Title: Embodying places: Making meaning in performance
Abstract: This thesis develops a poetics and practice of place for contemporary performance. A poetics of place explores ways of knowing and making place. It must be prepared to chart new pathways and refresh habitual perspectives. In this thesis, performance poetics involves taking steps toward questioning how it might be possible to rethink place/s anew. A poetics invested in ways of perceiving and making sense of the place-world also, by necessity, needs to consider current conditions and the difficult questions that affect us all (although in very different ways) living in the 21st century where problems and issues concerning place and ‘placelessness’ remain largely unresolved.
Underpinning this poetics are particular ways of thinking about place informed by perspectives from philosophy, phenomenology, geography, history and cultural and critical theory. I draw on a range of place-thinkers, including Edward Casey, Gaston Bachelard, Maurice Merleau-Ponty and Paul Carter to explicate a performance poetics sensitive to the inhabiting of place/s.

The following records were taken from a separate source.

theorem mainTheorem5:
  fixes k :: nat and f :: real
  assumes "1 \<le> k" and "f < 1"
  shows "\<not> dra_credible k f"
proof
  assume "dra_credible k f"
  obtain B where "1 < B" and profit: "0 < (B - 1) * exp (- B) - f * (exp (- 1) - exp (- B))"
    using exists_profitable_fake_bid[OF assms(2)] .
  with \<open>dra_credible k f\<close> assms(1) have "exp_revenue k f (fake_rival k B) \<le> exp_revenue k f (honest k)"
    using admissible_fake_rival integrable_revenue_fake_rival unfolding dra_credible_def by blast
  with exp_revenue_fake_rival[OF assms(1) \<open>1 < B\<close>] profit show False
    by simp
qed

end
(* Let $z_1,\dots,z_n$ be i.i.d. random vectors in $\mathbb R^d$ with distribution $Q_z$, and let $\varepsilon_1,\dots,\varepsilon_n$ be a Rademacher sequence (i.i.d., $\pm1$ with probability $1/2$ each) independent of $\{z_i\}$. Let $\tilde R,\tilde K>0$ and let $\mathcal G(\tilde R,\tilde K)$ be a (countable) class of functions $g$ on $\mathbb R^d$ with $\|g\|_\infty\le\tilde K$ and $\|g\|\le\tilde R$ for all $g$ in the class. Let $G:[0,\infty)\to[0,\infty)$ be a continuous, strictly increasing, strictly convex bijection, and let $H(v)=\sup_{u\ge0}\{vu-G(u)\}$ be its convex conjugate. Put $\tilde R_n^2=\sup_{g\in\mathcal G(\tilde R,\tilde K)}\|g\|_n^2$, and suppose $$\mathbb E\sup_{g\in\mathcal G(\tilde R,\tilde K)}\Big|\frac1n\sum_{i=1}^n g(z_i)\varepsilon_i\Big|\le \frac{\mathbb E\, G^{-1}(\tilde R_n^2)}{\sqrt n}.$$ Then, whenever $\tilde R^2\ge H(16\tilde K/\sqrt n)/2$, $$\mathbb E\,G^{-1}(\tilde R_n^2)\le G^{-1}(4\tilde R^2)\quad\text{and}\quad \mathbb E\sup_{g\in\mathcal G(\tilde R,\tilde K)}\big|\|g\|_n^2-\|g\|^2\big|\le \frac{8\tilde K\,G^{-1}(4\tilde R^2)}{\sqrt n}.$$
   Context: $\|g\|^2=\mathbb E g(z_1)^2$ (the $L_2(Q_z)$ norm), $\|g\|_n^2=\frac1n\sum_{i=1}^n g(z_i)^2$, $\|g\|_\infty=\sup|g|$. *)

theory Defs
  imports "HOL-Probability.Probability"
begin

definition strict_convex_on :: "real set \<Rightarrow> (real \<Rightarrow> real) \<Rightarrow> bool" where
  "strict_convex_on S f \<longleftrightarrow>
     (\<forall>x\<in>S. \<forall>y\<in>S. \<forall>t. x \<noteq> y \<and> 0 < t \<and> t < 1 \<longrightarrow>
        f ((1 - t) * x + t * y) < (1 - t) * f x + t * f y)"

Specifically, it is Casey’s philosophy of place, and his notion of implacement, that is of particular significance as I work towards developing a framework for thinking about and engaging with place/s in performance. Investigating implaced and embodied experience are central to the kinds of critical speculation which, in pursuing the aims of this thesis, I argue, can potentially open up a diverse range of distinct experiences between body and mind, person and place, self and world.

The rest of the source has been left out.